José Pascual de Zayas

He participated in the war against the French Republic (1793), in which he obtained the rank of lieutenant.After signing the peace, he was assigned with his company to the care of one of the ships that brought flows from Veracruz to Cádiz, and after one of those trips he took an active part in the battle of La Coruña against the English, under the orders of General Conde del Donadío (August 26, 1800), in which he was wounded and promoted to captain.

Lieutenant General Gonzalo O'Farrill appointed him his assistant when, in 1805, he went with a division to establish in Tuscany the new king of Etruria; and after two years in Florence, Zayas was promoted to sergeant major.At the end of 1807 he returned to Spain and became a commander in the Princess Regiment.In April 1808, the Supreme Board of Madrid secretly commissioned him to go to Bayonne, together with Evaristo Pérez de Castro, to inform the king of the true state of things, but the trip was totally useless.Back in Spain, he went to Valladolid to place himself under the command of Lieutenant General Gregorio de la Cuesta, who promoted him to Colonel of Infantry and commissioned him to organize one of the regiments that were being improvised at the time.

After a series of setbacks, he went with Cuesta to Extremadura, where in January 1809 he fought commanding an infantry brigade, which earned him promotion to brigadier by the Central Board, first, and, after the battle of Albuera (May 16, 1811), to field marshal.He was appointed assistant to the governor of Seville, by decision of the interim Junta, after the disturbances of January 24, 1810.Then he settled with his troops in Cádiz and Ronda and, under Blake's orders in Murcia and Valencia, until conquering Cuenca on November 28, 1811.Cornered by the French army in Valencia, he was forced to capitulate on January 9, 1812, and was later taken to the Vincennes castle, near Paris.

Although he It says that he became a Mason in the lodge of Montpellier or Marseille, when he was released in 1814 he went to Valençay, and accompanied Ferdinand VII on his return to Spain; in fact, he was the first commissioner that the monarch dispatched to express his will to the Courts of the Kingdom, already meeting in Madrid.Soon he was promoted to lieutenant general (1814), and also received the great cross of San Fernando (1815), remaining as a barracks in the capital.

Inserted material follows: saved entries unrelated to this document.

lemma gradient_inequality:
  assumes x: "x \<in> \<R>" and y: "y \<in> \<R>" and D: "has_gradient_at E I s t \<Phi> x D"
  shows "(\<Sum>ip\<in>\<P>. D ip * (y ip - x ip)) \<le> \<Phi> y - \<Phi> x"
proof (rule field_le_epsilon)
  fix e :: real assume e: "0 < e"
  define h where "h = (\<lambda>ip. y ip - x ip)"
  define N where "N = normP \<P> h"
  have N0: "N \<ge> 0" by (simp add: N_def normP_def sum_nonneg)
  define S where "S = (\<Sum>ip\<in>\<P>. D ip * h ip)"
  have "e/(N+1) > 0" using e N0 by simp
  then obtain \<delta> where \<delta>: "\<delta> > 0" and small: "\<forall>h\<in>\<R>. normP \<P> h < \<delta> \<longrightarrow>
     \<bar>\<Phi> (\<lambda>ip. x ip + h ip) - \<Phi> x - (\<Sum>ip\<in>\<P>. D ip * h ip)\<bar> \<le> e/(N+1) * normP \<P> h"
    using D unfolding has_gradient_at_def by blast
  define u where "u = min 1 (\<delta> / (2*(N+1)))"
  have u: "0 < u" "u \<le> 1" using \<delta> N0 by (auto simp: u_def)
  have uN: "u * N < \<delta>"
  proof -
    have "u * N \<le> \<delta>/(2*(N+1)) * N" using N0 by (intro mult_right_mono) (auto simp: u_def)
    also have "\<dots> < \<delta>" using \<delta> N0 by (simp add: field_simps add_nonneg_pos)
    finally show ?thesis .
  qed
  have "(\<lambda>ip. u * h ip) \<in> \<R>" using x y by (simp add: RP_def h_def)
  moreover have "normP \<P> (\<lambda>ip. u * h ip) = u * N" using u by (simp add: normP_scale N_def)
  moreover have "(\<Sum>ip\<in>\<P>. D ip * (u * h ip)) = u * S"
    by (simp add: S_def sum_distrib_left algebra_simps)
  ultimately have taylor: "\<bar>\<Phi> (\<lambda>ip. x ip + u * h ip) - \<Phi> x - u * S\<bar> \<le> e/(N+1) * (u*N)"
    using small uN by force
  have "(\<lambda>ip. x ip + u * h ip) = (\<lambda>ip. (1 - u) * x ip + u * y ip)"
    by (auto simp: h_def algebra_simps)
  hence "\<Phi> (\<lambda>ip. x ip + u * h ip) \<le> (1 - u) * \<Phi> x + u * \<Phi> y" using convex x y u by auto
  hence "u * S \<le> u * (\<Phi> y - \<Phi> x) + e/(N+1)*(u*N)"
    using taylor by (simp add: abs_le_iff algebra_simps)
  hence "u * S \<le> u * (\<Phi> y - \<Phi> x + e/(N+1)*N)" by (simp add: algebra_simps)
  hence "S \<le> \<Phi> y - \<Phi> x + e/(N+1)*N" using u by simp
  moreover have "e/(N+1)*N \<le> e" using e N0 by (simp add: field_simps)
  ultimately show "(\<Sum>ip\<in>\<P>. D ip * (y ip - x ip)) \<le> \<Phi> y - \<Phi> x + e" by (simp add: S_def h_def)
qed

lemma potential_le_limit:
  assumes xs: "\<forall>n. xs n \<in> \<R>" and x: "x \<in> \<R>" and lim: "\<forall>ip\<in>\<P>. (\<lambda>n. xs n ip) \<longlonglongrightarrow> x ip"
    and le: "\<forall>n. \<Phi> (xs n) \<le> a n" and a: "a \<longlonglongrightarrow> \<alpha>"
  shows "\<Phi> x \<le> \<alpha>"
proof -
  obtain D where D: "has_gradient_at E I s t \<Phi> x D" using differentiable x by blast
  have "\<Phi> x \<le> a n - (\<Sum>ip\<in>\<P>. D ip * (xs n ip - x ip))" for n
    using gradient_inequality[OF x xs[rule_format] D, of n] le[rule_format, of n] by linarith
  moreover have "(\<lambda>n. a n - (\<Sum>ip\<in>\<P>. D ip * (xs n ip - x ip)))
      \<longlonglongrightarrow> \<alpha> - (\<Sum>ip\<in>\<P>. D ip * (x ip - x ip))"
    by (intro tendsto_diff a tendsto_sum tendsto_mult tendsto_const) (use lim in auto)
  ultimately show ?thesis by (intro LIMSEQ_le_const) auto
qed

lemma potential_bounded_below_on_flows: "\<exists>lb. \<forall>y\<in>\<F>. lb \<le> \<Phi> y"
proof -
  obtain x0 where x0: "x0 \<in> \<F>" using flows_nonempty by blast
  obtain D where D: "has_gradient_at E I s t \<Phi> x0 D" using differentiable flows_RP[OF x0] by blast
  define K where "K = (\<Sum>i\<in>I. d i)"
  have "\<Phi> x0 - (\<Sum>ip\<in>\<P>. \<bar>D ip\<bar> * (K + \<bar>x0 ip\<bar>)) \<le> \<Phi> y" if y: "y \<in> \<F>" for y
  proof -
    have "-(\<Sum>ip\<in>\<P>. \<bar>D ip\<bar> * (K + \<bar>x0 ip\<bar>)) \<le> (\<Sum>ip\<in>\<P>. D ip * (y ip - x0 ip))"
      unfolding sum_negf[symmetric]
    proof (rule sum_mono)
      fix ip assume ip: "ip \<in> \<P>"
      have "\<bar>y ip - x0 ip\<bar> \<le> K + \<bar>x0 ip\<bar>"
        using flows_nonneg[OF y ip] flows_le_total_demand[OF y ip] by (auto simp: K_def)
      hence "\<bar>D ip * (y ip - x0 ip)\<bar> \<le> \<bar>D ip\<bar> * (K + \<bar>x0 ip\<bar>)"
        by (simp add: abs_mult mult_left_mono)
      thus "- (\<bar>D ip\<bar> * (K + \<bar>x0 ip\<bar>)) \<le> D ip * (y ip - x0 ip)" by linarith
    qed
    thus ?thesis using gradient_inequality[OF flows_RP[OF x0] flows_RP[OF y] D] by linarith
  qed
  thus ?thesis by blast
qed

lemma exists_minimizer:
  assumes S: "S \<subseteq> \<F>" "S \<noteq> {}"
    and closed: "\<And>xs l. \<forall>n::nat. xs n \<in> S \<Longrightarrow> l \<in> \<F> \<Longrightarrow>
               \<forall>ip\<in>\<P>. (\<lambda>n. xs n ip) \<longlonglongrightarrow> l ip \<Longrightarrow> l \<in> S"
  shows "\<exists>x\<in>S. \<forall>y\<in>S. priced_potential lam x \<le> priced_potential lam y"
proof -
  obtain lb where lb: "\<forall>y\<in>\<F>. lb \<le> \<Phi> y" using potential_bounded_below_on_flows by blast
  obtain k where k: "\<forall>y\<in>\<F>. \<bar>G y\<bar> \<le> k" using Gtot_bounded_on_flows by blast
  have "lb - \<bar>lam\<bar> * k \<le> priced_potential lam y" if "y \<in> S" for y
  proof -
    have "\<bar>lam * G y\<bar> \<le> \<bar>lam\<bar> * k" using k that S by (simp add: abs_mult mult_left_mono subset_iff)
    thus ?thesis using lb that S unfolding priced_potential_def abs_le_iff by force
  qed
  hence bdd: "bdd_below (priced_potential lam ` S)" by (intro bdd_belowI[of _ "lb - \<bar>lam\<bar> * k"]) auto
  define m where "m = Inf (priced_potential lam ` S)"
  have "\<exists>y\<in>S. priced_potential lam y < m + inverse (real (Suc n))" for n
    using cInf_lessD[of "priced_potential lam ` S" "m + inverse (real (Suc n))"] S(2)
    by (auto simp: m_def)
  then obtain ys where ys: "\<forall>n. ys n \<in> S \<and> priced_potential lam (ys n) < m + inverse (real (Suc n))"
    by metis
  hence ysF: "\<forall>n. ys n \<in> \<F>" using S(1) by blast
  obtain l r where l: "l \<in> \<F>" "strict_mono r" "\<forall>ip\<in>\<P>. (\<lambda>n. ys (r n) ip) \<longlonglongrightarrow> l ip"
    using flows_seq_compact[OF ysF] by blast
  have "l \<in> S" using closed[of "\<lambda>n. ys (r n)" l] ys l by blast
  have "(\<lambda>n. inverse (real (Suc (r n)))) \<longlonglongrightarrow> 0"
    using LIMSEQ_subseq_LIMSEQ[OF LIMSEQ_inverse_real_of_nat l(2)] by (simp add: o_def)
  moreover have "(\<lambda>n. G (ys (r n))) \<longlonglongrightarrow> G l" by (rule Gtot_tendsto[OF l(3)])
  ultimately have "(\<lambda>n. m + inverse (real (Suc (r n))) - lam * G (ys (r n))) \<longlonglongrightarrow> m + 0 - lam * G l"
    by (intro tendsto_intros)
  moreover have "\<forall>n. \<Phi> (ys (r n)) \<le> m + inverse (real (Suc (r n))) - lam * G (ys (r n))"
    using ys unfolding priced_potential_def by (smt (verit))
  ultimately have "\<Phi> l \<le> m + 0 - lam * G l"
    using ysF flows_RP l by (intro potential_le_limit[of "\<lambda>n. ys (r n)" l]) auto
  hence "priced_potential lam l \<le> m" by (simp add: priced_potential_def)
  moreover have "m \<le> priced_potential lam y" if "y \<in> S" for y
    unfolding m_def using bdd that by (intro cInf_lower) auto
  ultimately show ?thesis using \<open>l \<in> S\<close> by force
qed

lemma minimizers_nonempty: "minimizers lam \<noteq> {}"
  using exists_minimizer[of \<F> lam] flows_nonempty by (auto simp: minimizers_def)

lemma WE_variational_inequality:
  assumes x: "x \<in> WE E I s t d \<tau> g lam" and y: "y \<in> \<F>"
  shows "0 \<le> (\<Sum>ip\<in>\<P>. cost \<tau> g lam ip x * (y ip - x ip))"
proof -
  have xF: "x \<in> \<F>" and eq: "\<And>i p q. (i,p) \<in> \<P> \<Longrightarrow> x (i,p) > 0 \<Longrightarrow> q \<in> paths i \<Longrightarrow>
      cost \<tau> g lam (i,p) x \<le> cost \<tau> g lam (i,q) x"
    using x by (auto simp: WE_def)
  define C where "C ip = cost \<tau> g lam ip x" for ip
  have "0 \<le> (\<Sum>p\<in>paths i. C (i,p) * (y (i,p) - x (i,p)))" if i: "i \<in> I" for i
  proof -
    have "\<exists>p0\<in>paths i. x (i,p0) > 0"
    proof (rule ccontr)
      assume "\<not> ?thesis"
      hence "(\<Sum>p\<in>paths i. x (i,p)) \<le> 0" by (intro sum_nonpos) auto
      thus False using flows_sum[OF xF i] demand_pos i by auto
    qed
    then obtain p0 where p0: "p0 \<in> paths i" "x (i,p0) > 0" by blast
    define m where "m = C (i,p0)"
    have m_le: "m \<le> C (i,p)" if "p \<in> paths i" for p
      using eq p0 i that by (auto simp: m_def C_def P_eq_Sigma)
    have used_min: "C (i,p) * x (i,p) = m * x (i,p)" if p: "p \<in> paths i" for p
    proof (cases "x (i,p) > 0")
      case True
      hence "C (i,p) \<le> m" using eq i p p0 by (auto simp: m_def C_def P_eq_Sigma)
      thus ?thesis using m_le[OF p] by simp
    next
      case False
      hence "x (i,p) = 0" using flows_nonneg[OF xF, of "(i,p)"] i p by (auto simp: P_eq_Sigma)
      thus ?thesis by simp
    qed
    have "(\<Sum>p\<in>paths i. C (i,p) * (y (i,p) - x (i,p)))
        = (\<Sum>p\<in>paths i. C (i,p) * y (i,p)) - (\<Sum>p\<in>paths i. m * x (i,p))"
      using sum.cong[OF refl used_min, of "paths i"]
      by (simp add: right_diff_distrib sum_subtractf)
    also have "\<dots> \<ge> (\<Sum>p\<in>paths i. m * y (i,p)) - (\<Sum>p\<in>paths i. m * x (i,p))"
      using m_le flows_nonneg[OF y] i
      by (simp add: P_eq_Sigma) (intro sum_mono mult_right_mono, auto)
    moreover have "(\<Sum>p\<in>paths i. m * y (i,p)) - (\<Sum>p\<in>paths i. m * x (i,p)) = 0"
      using flows_sum[OF y i] flows_sum[OF xF i] by (simp add: sum_distrib_left[symmetric])
    ultimately show ?thesis by linarith
  qed
  thus ?thesis unfolding sum_P C_def[symmetric] by (rule sum_nonneg)
qed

In 1815 he refused the viceroyalty of Peru and was appointed second corporal of Castile the New (1817-1819).When the Constitution was proclaimed again in 1820, he was the first general to be appointed by the king as his aide de camp.He was a deputy to the Cortes for Havana between 1820 and 1822 and a member of the permanent Council of the Cortes in 1821.On July 7, 1822 he was in charge of defending the palace and prevented the rebels from communicating with the monarch.Captain general of Madrid in March 1823, he was in charge of dispersing the factional forces of Bessières.Made the formal delivery to the Duke of Angouleme, he went with his column towards Andalusia and, after the capitulation of Cádiz, requested and obtained his headquarters for Chiclana.

Absolutism re-installed, the Superior Board of Purifications stripped him of employment, salary and decorations, among which were the band of San Fernando, that of Carlos III and the First laureate cross of San Fernando of the 3rd class.He spent his last days suffering from gout, and at the expense of his sister and his close friends Andrés Arango and General José Mª Cadasal.Days before he died, but without ever having official notice of it, his jobs and honors had been restored to him.

Comments

Popular posts from this blog

Gustavo Adolfo Becquer Biography

Gustavo Adolfo Bécquer (Gustavo Adolfo Domínguez Bastida; Seville, 1836-Madrid, 1870) Spanish poet.Along with Rosalía de Castro, he is the highest representative of post-romantic poetry, a trend that had as distinctive features the intimate theme and an apparent expressive simplicity, far from the vehemence rhetoric of romanticism. Gustavo Adolfo Bécquer (detail of a portrait made by his brother Valeriano, c.1862) Bécquer's work exerted a strong He influenced later figures such as Rubén Darío, Antonio Machado, Juan Ramón Jiménez and the poets of the generation of '27, and critics judge him to be the initiator of contemporary Spanish poetry.But more than a great name in literary history, Bécquer is above all a living poet, popular in every sense of the word, whose verses, with a moving voice and winged beauty, have enjoyed and continue to enjoy the predilection of millions of readers.. Biography Son and brother of painters, he was orphaned at the age of ten and live...

Antoine pinay Biography

Antoine Pinay (Saint-Symphorien-sur-Coise, 1891-Saint-Chamond, 1994) French politician.After serving in the First World War, he developed his professional activity in the leather industry.Mayor of Saint-Chamond (1929-1977), deputy in the National Assembly (1936-1938 and 1946-1958) and senator for the Loire (1938-1940), he was one of the leaders of the National Center for Independents (CNI, expanded in 1951 to the National Center for Independents and Peasants), a small formation founded in July 1948 that held some positions of responsibility in the Fourth Republic. Between 1948 and 1949 he served as Secretary of State for Economic Affairs in the first government of Henri Queuille and in 1949 he was elected President of the General Council of the Loire, a responsibility he would exercise for thirty years.He was Minister of Public Works from July 12, 1950 to January 7, 1952 and acceded to the Presidency of the Council of Ministers on March 8, 1952, a position from which he resigned o...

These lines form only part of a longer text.